== Exercise aim ==
What lines of the material below include the string "moreover"? Copy all of them.

START Exercise data

text \<open>The Schur product of the \<open>N\<close>-th finite section of \<open>[T_(c a b)]\<close> with a positive
  completion of the band of \<open>\<tau>\<close>; since \<open>c\<close> vanishes off the band, only \<open>\<tau>\<close> itself is seen.\<close>

lemma psd_section_schur_product:
  fixes \<tau> c :: "nat \<Rightarrow> nat \<Rightarrow> int \<Rightarrow> complex"
  assumes G: "psd ({..<n} \<times> {..<p}) (block_toeplitz \<tau>)" and "1 \<le> n" "n \<le> N"
    and band: "\<forall>a<m. \<forall>b<m. banded n (c a b)"
    and op: "opmat_pos m (\<lambda>a b. toeplitz (c a b))"
  shows "psd ({..<N} \<times> ({..<m} \<times> {..<p}))
    (\<lambda>(k, a, i) (l, b, j). c a b (int k - int l) * \<tau> i j (int k - int l))"
proof -
  obtain H where H: "psd ({..<N} \<times> {..<p}) H"
    "\<forall>x\<in>{..<N} \<times> {..<p}. \<forall>y\<in>{..<N} \<times> {..<p}.
       \<bar>int (fst x) - int (fst y)\<bar> < int n \<longrightarrow> H x y = block_toeplitz \<tau> x y"
    using block_toeplitz_band_completion[OF G \<open>1 \<le> n\<close> \<open>n \<le> N\<close>] by blast
  define Z where "Z = {..<N} \<times> ({..<m} \<times> {..<p})"
  define f1 where "f1 z = (fst z, fst (snd z))" for z :: "nat \<times> nat \<times> nat"
  define f2 where "f2 z = (fst z, snd (snd z))" for z :: "nat \<times> nat \<times> nat"
  have "psd Z (\<lambda>z w. block_toeplitz c (f1 z) (f1 w) * H (f2 z) (f2 w))"
  proof (rule psd_schur_product)
    show "psd Z (\<lambda>z w. block_toeplitz c (f1 z) (f1 w))"
      by (rule psd_pullback[OF _ _ _ psd_finite_section[OF op, of N]]) (auto simp: Z_def f1_def)
    show "psd Z (\<lambda>z w. H (f2 z) (f2 w))"
      by (rule psd_pullback[OF _ _ _ H(1)]) (auto simp: Z_def f2_def)
  qed (simp add: Z_def)
  moreover have "psd Z (\<lambda>z w. block_toeplitz c (f1 z) (f1 w) * H (f2 z) (f2 w))
      \<longleftrightarrow> psd Z (\<lambda>(k, a, i) (l, b, j). c a b (int k - int l) * \<tau> i j (int k - int l))"
  proof (rule psd_cong)
    fix z w assume "z \<in> Z" "w \<in> Z"
    then obtain k a i l b j where zw: "z = (k, a, i)" "w = (l, b, j)"
      and "k < N" "l < N" "a < m" "b < m" "i < p" "j < p"
      unfolding Z_def by (metis SigmaE lessThan_iff)
    show "block_toeplitz c (f1 z) (f1 w) * H (f2 z) (f2 w)
        = (\<lambda>(k, a, i) (l, b, j). c a b (int k - int l) * \<tau> i j (int k - int l)) z w"
    proof (cases "\<bar>int k - int l\<bar> < int n")
      case True
      then show ?thesis
        using H(2) \<open>k < N\<close> \<open>l < N\<close> \<open>i < p\<close> \<open>j < p\<close> unfolding zw f1_def f2_def block_toeplitz_def by auto
    next
      case False
      then show ?thesis
        using band \<open>a < m\<close> \<open>b < m\<close> unfolding zw f1_def block_toeplitz_def banded_def by simp
    qed
  qed
  ultimately show ?thesis unfolding Z_def by simp
qed

lemma section_diag_pairing_nonneg:
  fixes \<tau> c :: "nat \<Rightarrow> nat \<Rightarrow> int \<Rightarrow> complex"
  assumes "psd ({..<n} \<times> {..<p}) (block_toeplitz \<tau>)" and "1 \<le> n" "n \<le> N"
    and "\<forall>a<m. \<forall>b<m. banded n (c a b)"
    and "opmat_pos m (\<lambda>a b. toeplitz (c a b))"
  shows "0 \<le> (\<Sum>k<N. \<Sum>l<N. diag_pairing m p c \<tau> v (int k - int l))"
proof -
  let ?P = "\<lambda>(k, a, i) (l, b, j). c a b (int k - int l) * \<tau> i j (int k - int l)"
  let ?u = "\<lambda>(k :: nat, a, i). v a i"
  have "0 \<le> sesq ({..<N} \<times> ({..<m} \<times> {..<p})) ?P ?u ?u"
    using psd_section_schur_product[OF assms] unfolding psd_def by blast
  also have "\<dots> = (\<Sum>k<N. \<Sum>a<m. \<Sum>i<p. \<Sum>l<N. \<Sum>b<m. \<Sum>j<p.
          cnj (v a i) * (c a b (int k - int l) * \<tau> i j (int k - int l)) * v b j)"
    unfolding sesq_product sum.cartesian_product' by simp
  also have "\<dots> = (\<Sum>k<N. \<Sum>a<m. \<Sum>l<N. \<Sum>i<p. \<Sum>b<m. \<Sum>j<p.
          cnj (v a i) * (c a b (int k - int l) * \<tau> i j (int k - int l)) * v b j)"
    by (rule sum.cong[OF refl], rule sum.cong[OF refl], rule sum.swap)
  also have "\<dots> = (\<Sum>k<N. \<Sum>l<N. \<Sum>a<m. \<Sum>i<p. \<Sum>b<m. \<Sum>j<p.
          cnj (v a i) * (c a b (int k - int l) * \<tau> i j (int k - int l)) * v b j)"
    by (rule sum.cong[OF refl], rule sum.swap)
  also have "\<dots> = (\<Sum>k<N. \<Sum>l<N. diag_pairing m p c \<tau> v (int k - int l))"
    unfolding diag_pairing_def
    by (rule sum.cong[OF refl], rule sum.cong[OF refl], rule sum.cong[OF refl], rule sum.swap)
  finally show ?thesis .
qed

text \<open>The section sums grow affinely in \<open>N\<close> with slope the full pairing, which therefore
  cannot be negative.\<close>

lemma diag_pairing_sum_nonneg:
  fixes \<tau> c :: "nat \<Rightarrow> nat \<Rightarrow> int \<Rightarrow> complex"
  assumes G: "psd ({..<n} \<times> {..<p}) (block_toeplitz \<tau>)"
    and band: "\<forall>a<m. \<forall>b<m. banded n (c a b)"
    and op: "opmat_pos m (\<lambda>a b. toeplitz (c a b))"
  shows "0 \<le> (\<Sum>d\<in>diagonals n. diag_pairing m p c \<tau> v d)"
proof (cases "n = 0")
  case True
  then show ?thesis by (simp add: diagonals_def)
next
  case False
  define h where "h = diag_pairing m p c \<tau> v"
  define S where "S N = (\<Sum>k<N. \<Sum>l<N. h (int k - int l))" for N
  have h_zero: "h d = 0" if "d \<notin> diagonals n" for d
  proof -
    have "c a b d = 0" if "a < m" "b < m" for a b
      using band banded_zero_outside \<open>d \<notin> diagonals n\<close> that by blast
    then show ?thesis unfolding h_def diag_pairing_def by simp
  qed
  have "S (Suc N) = S N + (\<Sum>d\<in>diagonals n. h d)" if "n \<le> N" for N
    unfolding S_def by (rule sum_toeplitz_square_Suc[OF h_zero that])
  then have "S (n + Suc t) = S (n + t) + (\<Sum>d\<in>diagonals n. h d)" for t
    by simp
  then have "S (n + t) = S n + of_nat t * (\<Sum>d\<in>diagonals n. h d)" for t
    by (induction t) (simp_all add: algebra_simps)
  moreover have "0 \<le> S (n + t)" for t
    unfolding S_def h_def using False by (intro section_diag_pairing_nonneg[OF G _ _ band op]) auto
  ultimately show ?thesis
    unfolding h_def by (metis nonneg_if_affine_nonneg)
qed

definition dual_to_toeplitz :: "nat \<Rightarrow> functional \<Rightarrow> cmat" where
  "dual_to_toeplitz n \<phi> =
     (\<lambda>k l. if k < n \<and> l < n then \<phi> (toeplitz (basis_symbol (int k - int l))) else 0)"

lemma dual_to_toeplitz_in_toeplitz_mats: "dual_to_toeplitz n \<phi> \<in> toeplitz_mats n"
  unfolding toeplitz_mats_def dual_to_toeplitz_def
  by (rule CollectI, rule exI[of _ "\<lambda>d. \<phi> (toeplitz (basis_symbol d))"]) simp

lemma dual_to_toeplitz_diag:
  "d \<in> diagonals n \<Longrightarrow> dual_to_toeplitz n \<phi> (nat d) (nat (- d)) = \<phi> (toeplitz (basis_symbol d))"
  unfolding dual_to_toeplitz_def mem_diagonals_iff by auto

lemma dual_space_outside: "\<phi> \<in> dual_space n \<Longrightarrow> T \<notin> toeplitz_system n \<Longrightarrow> \<phi> T = 0"
  unfolding dual_space_def by simp

lemma inj_on_dual_to_toeplitz: "inj_on (dual_to_toeplitz n) (dual_space n)"
proof (rule inj_onI)
  fix \<phi> \<psi>
  assume \<phi>: "\<phi> \<in> dual_space n" and \<psi>: "\<psi> \<in> dual_space n"
    and eq: "dual_to_toeplitz n \<phi> = dual_to_toeplitz n \<psi>"
  have basis: "\<phi> (toeplitz (basis_symbol d)) = \<psi> (toeplitz (basis_symbol d))" if "d \<in> diagonals n" for d
    using dual_to_toeplitz_diag[OF that, of \<phi>] dual_to_toeplitz_diag[OF that, of \<psi>] eq by simp
  show "\<phi> = \<psi>"
  proof
    fix T
    show "\<phi> T = \<psi> T"
    proof (cases "T \<in> toeplitz_system n")
      case True
      then obtain c where c: "banded n c" "T = toeplitz c"
        unfolding toeplitz_system_eq by blast
      then show ?thesis
        using dual_space_toeplitz_expand[OF \<phi> c(1)] dual_space_toeplitz_expand[OF \<psi> c(1)] basis
        by simp
    next
      case False
      then show ?thesis by (simp add: dual_space_outside[OF \<phi>] dual_space_outside[OF \<psi>])
    qed
  qed
qed

definition toeplitz_functional :: "nat \<Rightarrow> (int \<Rightarrow> complex) \<Rightarrow> functional" where
  "toeplitz_functional n \<tau> T =
     (if T \<in> toeplitz_system n then \<Sum>d\<in>diagonals n. symbol_of T d * \<tau> d else 0)"

lemma toeplitz_functional_in_dual_space: "toeplitz_functional n \<tau> \<in> dual_space n"
  unfolding dual_space_def
proof (intro CollectI conjI ballI allI impI)
  fix T S assume "T \<in> toeplitz_system n" "S \<in> toeplitz_system n"
  then show "toeplitz_functional n \<tau> (op_add T S) = toeplitz_functional n \<tau> T + toeplitz_functional n \<tau> S"
    unfolding toeplitz_functional_def
    by (simp add: toeplitz_system_add symbol_of_add sum.distrib distrib_right)
next
  fix a T assume "T \<in> toeplitz_system n"
  then show "toeplitz_functional n \<tau> (op_scale a T) = a * toeplitz_functional n \<tau> T"
    unfolding toeplitz_functional_def
    by (simp add: toeplitz_system_scale symbol_of_scale sum_distrib_left mult.assoc)
qed (simp add: toeplitz_functional_def)

lemma dual_to_toeplitz_toeplitz_functional:
  "dual_to_toeplitz n (toeplitz_functional n \<tau>)
     = (\<lambda>k l. if k < n \<and> l < n then \<tau> (int k - int l) else 0)"
proof (intro ext)
  fix k l
  show "dual_to_toeplitz n (toeplitz_functional n \<tau>) k l = (if k < n \<and> l < n then \<tau> (int k - int l) else 0)"
  proof (cases "k < n \<and> l < n")
    case True
    then have D: "int k - int l \<in> diagonals n" by (simp add: diff_mem_diagonals)
    have "toeplitz_functional n \<tau> (toeplitz (basis_symbol (int k - int l))) = \<tau> (int k - int l)"
    proof -
      have "(\<Sum>d\<in>diagonals n. basis_symbol (int k - int l) d * \<tau> d)
          = (\<Sum>d\<in>diagonals n. if d = int k - int l then \<tau> d else 0)"
        by (intro sum.cong refl) (simp add: basis_symbol_def)
      then show ?thesis
        unfolding toeplitz_functional_def
        using toeplitz_in_toeplitz_system[OF banded_basis_symbol[OF D]] D by simp
    qed
    then show ?thesis using True unfolding dual_to_toeplitz_def by simp
  qed (auto simp: dual_to_toeplitz_def)
qed

lemma bij_betw_dual_to_toeplitz: "bij_betw (dual_to_toeplitz n) (dual_space n) (toeplitz_mats n)"
proof -
  have "A \<in> dual_to_toeplitz n ` dual_space n" if A: "A \<in> toeplitz_mats n" for A
  proof -
    obtain \<tau> where "\<forall>k l. A k l = (if k < n \<and> l < n then \<tau> (int k - int l) else 0)"
      using A unfolding toeplitz_mats_def by blast
    then have "A = dual_to_toeplitz n (toeplitz_functional n \<tau>)"
      by (auto simp: dual_to_toeplitz_toeplitz_functional)
    then show ?thesis using toeplitz_functional_in_dual_space by blast
  qed
  then show ?thesis
    unfolding bij_betw_def using inj_on_dual_to_toeplitz dual_to_toeplitz_in_toeplitz_mats by blast
qed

END Exercise data

== Solution to this problem ==
  moreover have "psd Z (\<lambda>z w. block_toeplitz c (f1 z) (f1 w) * H (f2 z) (f2 w))
  moreover have "0 \<le> S (n + t)" for t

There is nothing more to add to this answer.